Entries taken from a collection
lemma minus_eigenspace_gen_prod_involution:
  fixes V1 :: "'a::real_vector set" and V2 :: "'b::real_vector set"
  assumes "0 \<in> V1"
  shows "minus_eigenspace (gen_prod_carrier V1 br1 V2 br2) (gen_prod_involution k) =
           {0} \<times> V2 \<times> supported_on ({k..<b1 V1 br1} \<times> {..<b1 V2 br2})"
proof (rule set_eqI)
  fix w :: "'a \<times> 'b \<times> (nat \<times> nat \<Rightarrow> real)"
  obtain x y z where w: "w = (x, y, z)"
    by (cases w) auto
  have "w \<in> minus_eigenspace (gen_prod_carrier V1 br1 V2 br2) (gen_prod_involution k) \<longleftrightarrow>
      x \<in> V1 \<and> y \<in> V2 \<and> - x = x \<and> (\<forall>i j. (b1 V1 br1 \<le> i \<or> b1 V2 br2 \<le> j) \<longrightarrow> z (i, j) = 0) \<and>
      (\<forall>p. fst p < k \<longrightarrow> - z p = z p)"
    by (auto simp: w minus_eigenspace_def mem_gen_prod_carrier fun_eq_iff)
  also have "\<dots> \<longleftrightarrow> w \<in> {0} \<times> V2 \<times> supported_on ({k..<b1 V1 br1} \<times> {..<b1 V2 br2})"
    using assms by (auto simp: w supported_on_def real_vector_neg_eq_self_iff)
  finally show "w \<in> minus_eigenspace (gen_prod_carrier V1 br1 V2 br2) (gen_prod_involution k) \<longleftrightarrow>
      w \<in> {0} \<times> V2 \<times> supported_on ({k..<b1 V1 br1} \<times> {..<b1 V2 br2})" .
qed

lemma product_structure_gen_prod_involution:
  fixes V1 :: "'a::real_vector set" and V2 :: "'b::real_vector set"
  assumes lie1: "lie_algebra V1 br1" and lie2: "lie_algebra V2 br2"
    and forms: "generator_forms V2 br2 \<omega>2"
    and nontrivial: "V1 \<noteq> {0}" "V2 \<noteq> {0}"
  shows "product_structure (gen_prod_carrier V1 br1 V2 br2)
           (gen_prod_bracket V1 br1 \<omega>1 V2 br2 \<omega>2) (gen_prod_involution k)"
  unfolding product_structure_def
proof (intro conjI ballI allI)
  fix w assume "w \<in> gen_prod_carrier V1 br1 V2 br2"
  then show "gen_prod_involution k w \<in> gen_prod_carrier V1 br1 V2 br2"
    using subspace_neg[OF lie_algebra_subspace[OF lie2]]
    by (cases w) (auto simp: mem_gen_prod_carrier)
next
  fix w w' :: "'a \<times> 'b \<times> (nat \<times> nat \<Rightarrow> real)" and a b :: real
  show "gen_prod_involution k (a *\<^sub>R w + b *\<^sub>R w') =
      a *\<^sub>R gen_prod_involution k w + b *\<^sub>R gen_prod_involution k w'"
    by (cases w, cases w') (simp add: fun_eq_iff scaleR_fun_def algebra_simps)
next
  fix w :: "'a \<times> 'b \<times> (nat \<times> nat \<Rightarrow> real)"
  show "gen_prod_involution k (gen_prod_involution k w) = w"
    by (cases w) (simp add: fun_eq_iff)
next
  have "0 \<in> V1" "0 \<in> V2"
    using lie1 lie2 lie_algebra_subspace subspace_0 by blast+
  then obtain y where y: "y \<in> V2" "y \<noteq> 0"
    using nontrivial(2) by auto
  have "(0, y, 0) \<in> gen_prod_carrier V1 br1 V2 br2"
    using y(1) \<open>0 \<in> V1\<close> unfolding mem_gen_prod_carrier by simp
  moreover have "gen_prod_involution k (0, y, 0) \<noteq> (0, y, 0)"
    using y(2) by (simp add: real_vector_neg_eq_self_iff)
  ultimately show "\<not> (\<forall>w\<in>gen_prod_carrier V1 br1 V2 br2. gen_prod_involution k w = w)"
    by blast
next
  have "0 \<in> V1" "0 \<in> V2"
    using lie1 lie2 lie_algebra_subspace subspace_0 by blast+
  then obtain x where x: "x \<in> V1" "x \<noteq> 0"
    using nontrivial(1) by auto
  have "(x, 0, 0) \<in> gen_prod_carrier V1 br1 V2 br2"
    using x(1) \<open>0 \<in> V2\<close> unfolding mem_gen_prod_carrier by simp
  moreover have "gen_prod_involution k (x, 0, 0) \<noteq> - (x, 0, 0)"
    using x(2) real_vector_neg_eq_self_iff[of x] by auto
  ultimately show "\<not> (\<forall>w\<in>gen_prod_carrier V1 br1 V2 br2. gen_prod_involution k w = - w)"
    by blast
qed (rule gen_prod_involution_integrable[OF lie2 forms])

theorem gen_prod_paracomplex:
  fixes V1 :: "'a::real_vector set" and V2 :: "'b::real_vector set"
  assumes lie1: "lie_algebra V1 br1" and lie2: "lie_algebra V2 br2"
    and forms: "generator_forms V2 br2 \<omega>2"
    and dim_eq: "dim V1 = dim V2" and nontrivial: "V1 \<noteq> {0}"
    and even: "even (b1 V1 br1)"
  shows "\<exists>F. paracomplex_structure (gen_prod_carrier V1 br1 V2 br2)
               (gen_prod_bracket V1 br1 \<omega>1 V2 br2 \<omega>2) F"
proof -
  define k where "k = b1 V1 br1 div 2"
  define P where "P = {..<k} \<times> {..<b1 V2 br2}"
  define Q where "Q = {k..<b1 V1 br1} \<times> {..<b1 V2 br2}"
  have fs: "finitely_spanned V1" "finitely_spanned V2"
    using lie1 lie2 by (simp_all add: lie_algebra_finitely_spanned)
  have "V2 \<noteq> {0}"
    using nontrivial dim_eq fs by (simp add: dim_eq_0_iff_finitely_spanned[symmetric])
  then have ps: "product_structure (gen_prod_carrier V1 br1 V2 br2)
      (gen_prod_bracket V1 br1 \<omega>1 V2 br2 \<omega>2) (gen_prod_involution k)"
    using product_structure_gen_prod_involution[OF lie1 lie2 forms nontrivial] by blast
  have "finite P" "finite Q" "card P = card Q"
    using even by (auto simp: P_def Q_def k_def card_cartesian_product elim!: evenE)
  have "0 \<in> V1" "0 \<in> V2"
    using lie1 lie2 lie_algebra_subspace subspace_0 by blast+
  have "dim (plus_eigenspace (gen_prod_carrier V1 br1 V2 br2) (gen_prod_involution k)) =
      dim (V1 \<times> {0::'b} \<times> supported_on P)"
    using \<open>0 \<in> V2\<close> by (simp add: plus_eigenspace_gen_prod_involution P_def k_def)
  also have "\<dots> = dim V1 + card P"
    using fs(1) \<open>finite P\<close>
    by (simp add: dim_Times_finitely_spanned finitely_spanned_Times finitely_spanned_zero
        finitely_spanned_supported_on dim_supported_on)
  also have "\<dots> = dim V2 + card Q"
    using dim_eq \<open>card P = card Q\<close> by simp
  also have "\<dots> = dim ({0::'a} \<times> V2 \<times> supported_on Q)"
    using fs(2) \<open>finite Q\<close>
    by (simp add: dim_Times_finitely_spanned finitely_spanned_Times finitely_spanned_zero
        finitely_spanned_supported_on dim_supported_on)
  also have "\<dots> = dim (minus_eigenspace (gen_prod_carrier V1 br1 V2 br2) (gen_prod_involution k))"
    using \<open>0 \<in> V1\<close> by (simp add: minus_eigenspace_gen_prod_involution Q_def)
  finally show ?thesis
    using ps unfolding paracomplex_structure_def by blast
qed
(* Let $T\ge 1$ and $d\ge 1$ be integers, let $\gamma>0$ and $\beta>0$, and for each task $t\in\{1,\dots,T\}$ let $(x_{t1},y_{t1}),\dots,(x_{tm_t},y_{tm_t})\in\mathbb{R}^d\times\mathbb{R}$ be given data. Let $l:\mathbb{R}\times\mathbb{R}\to\mathbb{R}$ be a loss function that is convex in its second argument. Consider the (non-convex) problem $$\text{(P)}\qquad \min_{A\in\mathbb{R}^{d\times T},\,a_0\in\mathbb{R}^d,\,U\in O^d}\ \sum_{t=1}^{T}\sum_{i=1}^{m_t} l\big(y_{ti},\langle a_t+a_0,U^Tx_{ti}\rangle\big)+\frac{\gamma}{T}\|A\|_{2,1}^2+\beta\|a_0\|_2^2,$$ where $A=[a_1,\dots,a_T]$, and the problem $$\text{(C)}\qquad \min_{W\in\mathbb{R}^{d\times T},\,w_0\in\mathbb{R}^d,\,D}\ \sum_{t=1}^{T}\sum_{i=1}^{m_t} l\big(y_{ti},\langle w_t+w_0,x_{ti}\rangle\big)+\frac{\gamma}{T}\sum_{t=1}^T\langle w_t,D^+w_t\rangle+\beta\langle w_0,w_0\rangle$$ subject to $\operatorname{trace}(D)\le 1$, $\operatorname{range}(W)\subseteq\operatorname{range}(D)$, $D\in S_+^d$, where $W=[w_1,\dots,w_T]$. Then (C) is a convex optimization problem equivalent to (P) in the following sense. If $(\hat W,\hat w_0,\hat D)$ is an optimal solution of (C) and the columns of $\hat U$ form an orthonormal basis of eigenvectors of $\hat D$, then $(\hat A,\hat a_0,\hat U)$ with $\hat A=\hat U^T\hat W$, $\hat a_0=\hat U^T\hat w_0$ is an optimal solution of (P). Conversely, if $(\hat A,\hat a_0,\hat U)$ is an optimal solution of (P), then $\hat W=\hat U\hat A$, $\hat w_0=\hat U\hat a_0$, $\hat D=\hat U\,\mathrm{Diag}\!\left(\frac{\|\hat a^i\|_2}{\|\hat A\|_{2,1}}\right)_{i=1}^d\hat U^T$ is an optimal solution of (C), where $\hat a^i$ denotes the $i$-th row of $\hat A$.
   Context: $O^d$ denotes the set of $d\times d$ orthogonal matrices ($U^TU=I$). For a matrix $A\in\mathbb{R}^{d\times T}$ with rows $a^1,\dots,a^d$, $\|A\|_{2,1}=\sum_{i=1}^d\|a^i\|_2$. $S_+^d$ is the set of $d\times d$ symmetric positive semidefinite matrices; $D^+$ is the Moore–Penrose pseudoinverse of $D$; $\operatorname{range}(W)=\{Wz: z\in\mathbb{R}^T\}$; $\mathrm{Diag}(v_i)_{i=1}^d$ is the diagonal matrix with diagonal entries $v_1,\dots,v_d$. *)

theory Defs
  imports "HOL-Analysis.Analysis"
begin
text \<open>If the two rows of the tableau agree in one column, condition (ii) forces them to agree
everywhere, and \<open>a = 0\<close>, \<open>b\<^sub>j = T(1,j)\<close> realizes it. Otherwise \<open>T(1,j) < T(2,j)\<close> in every
column; we fix \<open>a\<^sub>2 = 1\<close> and choose \<open>b\<^sub>1, b\<^sub>2, \<dots>\<close> column by column so that the entries
\<open>T(i,j)\<close> and the reals \<open>a\<^sub>i + b\<^sub>j\<close> stay in the same relative order. The value \<open>b\<^sub>j\<close> is found
by interpolating between the values already placed; by condition (i) the new column either
repeats the previous one or lies strictly above all earlier columns in both rows, so the second
entry \<open>b\<^sub>j + 1\<close> is then automatically in the right position.\<close>

definition order_consistent :: "('a::linorder \<times> 'b::linorder) set \<Rightarrow> bool" where
  "order_consistent P \<longleftrightarrow> (\<forall>p\<in>P. \<forall>q\<in>P. fst p < fst q \<longleftrightarrow> snd p < snd q)"

lemma order_consistent_eq:
  assumes "order_consistent P" "p \<in> P" "q \<in> P"
  shows "fst p = fst q \<longleftrightarrow> snd p = snd q"
  using assms unfolding order_consistent_def by (metis not_less_iff_gr_or_eq)

lemma order_consistent_subset:
  "order_consistent P \<Longrightarrow> Q \<subseteq> P \<Longrightarrow> order_consistent Q"
  unfolding order_consistent_def by blast

lemma order_consistent_insert:
  "order_consistent (insert p P) \<longleftrightarrow> order_consistent P \<and>
     (\<forall>q\<in>P. (fst q < fst p \<longleftrightarrow> snd q < snd p) \<and> (fst p < fst q \<longleftrightarrow> snd p < snd q))"
  unfolding order_consistent_def by auto

lemma exists_between_finite_sets:
  fixes L H :: "'a::{dense_linorder,no_top,no_bot} set"
  assumes "finite L" "finite H" "\<And>l h. l \<in> L \<Longrightarrow> h \<in> H \<Longrightarrow> l < h"
  shows "\<exists>t. (\<forall>l\<in>L. l < t) \<and> (\<forall>h\<in>H. t < h)"
proof (cases "L = {}")
  case True
  obtain t where "\<forall>h\<in>H. t < h"
  proof (cases "H = {}")
    case False
    obtain t where "t < Min H" using lt_ex by blast
    with assms(2) False show ?thesis using that by (meson Min_le order.strict_trans2)
  qed (use that in auto)
  with True show ?thesis by blast
next
  case False
  show ?thesis
  proof (cases "H = {}")
    case True
    obtain t where "Max L < t" using gt_ex by blast
    with assms(1) False True show ?thesis by (meson Max_ge empty_iff order.strict_trans1)
  next
    case HF: False
    have "Max L < Min H" using assms False HF by simp
    then obtain t where "Max L < t" "t < Min H" using dense by blast
    with assms(1,2) show ?thesis by (meson Max_ge Min_le order.strict_trans1 order.strict_trans2)
  qed
qed
lemma two_sided_ideal_subset:
  assumes "S \<subseteq> two_sided_ideal S'"
  shows "two_sided_ideal S \<subseteq> two_sided_ideal S'"
proof
  show "x \<in> two_sided_ideal S'" if "x \<in> two_sided_ideal S" for x
    using that
  proof (induction x rule: two_sided_ideal.induct)
    case (gen s u v)
    then show ?case
      using assms two_sided_ideal_mult_left two_sided_ideal_mult_right by blast
  qed (simp_all add: two_sided_ideal.zero two_sided_ideal.add)
qed

lemma augmentation_two_sided_ideal:
  assumes "\<And>s. s \<in> S \<Longrightarrow> augmentation s = 0"
  shows "x \<in> two_sided_ideal S \<Longrightarrow> augmentation x = 0"
  by (induction x rule: two_sided_ideal.induct)
    (simp_all add: assms augmentation_add augmentation_mult)

lemma subalg_uminus: "x \<in> subalg G \<Longrightarrow> - x \<in> subalg G"
  using subalg.mult[OF subalg.scalar[of "-1"], of x] by (simp add: single_uminus)

lemma subalg_mono_replicate: "mono [l] \<in> subalg G \<Longrightarrow> mono (replicate n l) \<in> subalg G"
proof (induction n)
  case 0
  then show ?case
    using subalg.scalar[of 1 G] by simp
next
  case (Suc n)
  then show ?case
    using mono_Cons[of l "replicate n l"] by (simp add: subalg.mult)
qed

lemma mono_mult_inv_word:
  assumes "\<And>x. mono [x, inv_letter x] - 1 \<in> S"
  shows "mono w * mono (inv_word w) - 1 \<in> two_sided_ideal S"
proof (induction w)
  case Nil
  then show ?case
    by (simp add: inv_word_def two_sided_ideal.zero)
next
  case (Cons l w)
  have "mono (l # w) * mono (inv_word (l # w)) - 1
      = mono [l] * (mono w * mono (inv_word w) - 1) * mono [inv_letter l]
        + (mono [l, inv_letter l] - 1)"
    by (simp add: inv_word_def mono_append mono_Cons[of l w] mono_Cons[of l "[inv_letter l]"]
        algebra_simps)
  moreover have
    "mono [l] * (mono w * mono (inv_word w) - 1) * mono [inv_letter l] \<in> two_sided_ideal S"
    using Cons.IH by (intro two_sided_ideal_mult_right two_sided_ideal_mult_left)
  ultimately show ?case
    using assms two_sided_ideal.add two_sided_ideal_generator by metis
qed

lemma conjugate_letters_trace_diff:
  assumes inv: "\<And>l. mono [l, inv_letter l] - 1 \<in> S"
    and central: "mono w * word_trace [x] - word_trace [x] * mono w \<in> S"
    and conj: "mono w * mono [x] - mono [y] * mono w \<in> S"
  shows "word_trace [x] - word_trace [y] \<in> two_sided_ideal S"
proof -
  let ?I = "two_sided_ideal S" and ?W = "mono w" and ?X = "mono [x]" and ?Y = "mono [y]"
    and ?X' = "mono [inv_letter x]" and ?Y' = "mono [inv_letter y]"
  have X_inv: "?X * ?X' - 1 \<in> ?I" and Y_inv: "?Y' * ?Y - 1 \<in> ?I"
    using inv[of x] inv[of "inv_letter y"]
    by (simp_all add: two_sided_ideal_generator mono_Cons[of _ "[_]"])
  have "?Y' * (?W * ?X - ?Y * ?W) * ?X' \<in> ?I"
    using conj by (rule two_sided_ideal.gen)
  moreover have "?Y' * ?W * (?X * ?X' - 1) \<in> ?I"
    using X_inv by (rule two_sided_ideal_mult_left)
  moreover have "(?Y' * ?Y - 1) * ?W * ?X' \<in> ?I"
    using Y_inv by (intro two_sided_ideal_mult_right)
  ultimately have
    "?Y' * (?W * ?X - ?Y * ?W) * ?X' - ?Y' * ?W * (?X * ?X' - 1) + (?Y' * ?Y - 1) * ?W * ?X' \<in> ?I"
    by (intro two_sided_ideal.add two_sided_ideal_diff)
  then have conj_inv: "?Y' * ?W - ?W * ?X' \<in> ?I"
    by (simp add: algebra_simps)
  have "- (?W * word_trace [x] - word_trace [x] * ?W) + (?W * ?X - ?Y * ?W) - (?Y' * ?W - ?W * ?X')
      \<in> ?I"
    using two_sided_ideal_generator[OF central] two_sided_ideal_generator[OF conj] conj_inv
    by (intro two_sided_ideal_diff[OF two_sided_ideal.add[OF two_sided_ideal_uminus]])
  then have trace_diff_W: "(word_trace [x] - word_trace [y]) * ?W \<in> ?I"
    by (simp add: inv_word_def algebra_simps)
  have "(word_trace [x] - word_trace [y]) * ?W * mono (inv_word w)
      - (word_trace [x] - word_trace [y]) * (?W * mono (inv_word w) - 1) \<in> ?I"
    using two_sided_ideal_mult_right[OF trace_diff_W]
      two_sided_ideal_mult_left[OF mono_mult_inv_word[OF inv]]
    by (rule two_sided_ideal_diff)
  then show ?thesis
    by (simp add: algebra_simps)
qed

> WORK ORDER: Report back each line of the entries that holds the string "meson".

> EXERCISE RESPONSE:
    with assms(2) False show ?thesis using that by (meson Min_le order.strict_trans2)
    with assms(1) False True show ?thesis by (meson Max_ge empty_iff order.strict_trans1)
    with assms(1,2) show ?thesis by (meson Max_ge Min_le order.strict_trans1 order.strict_trans2)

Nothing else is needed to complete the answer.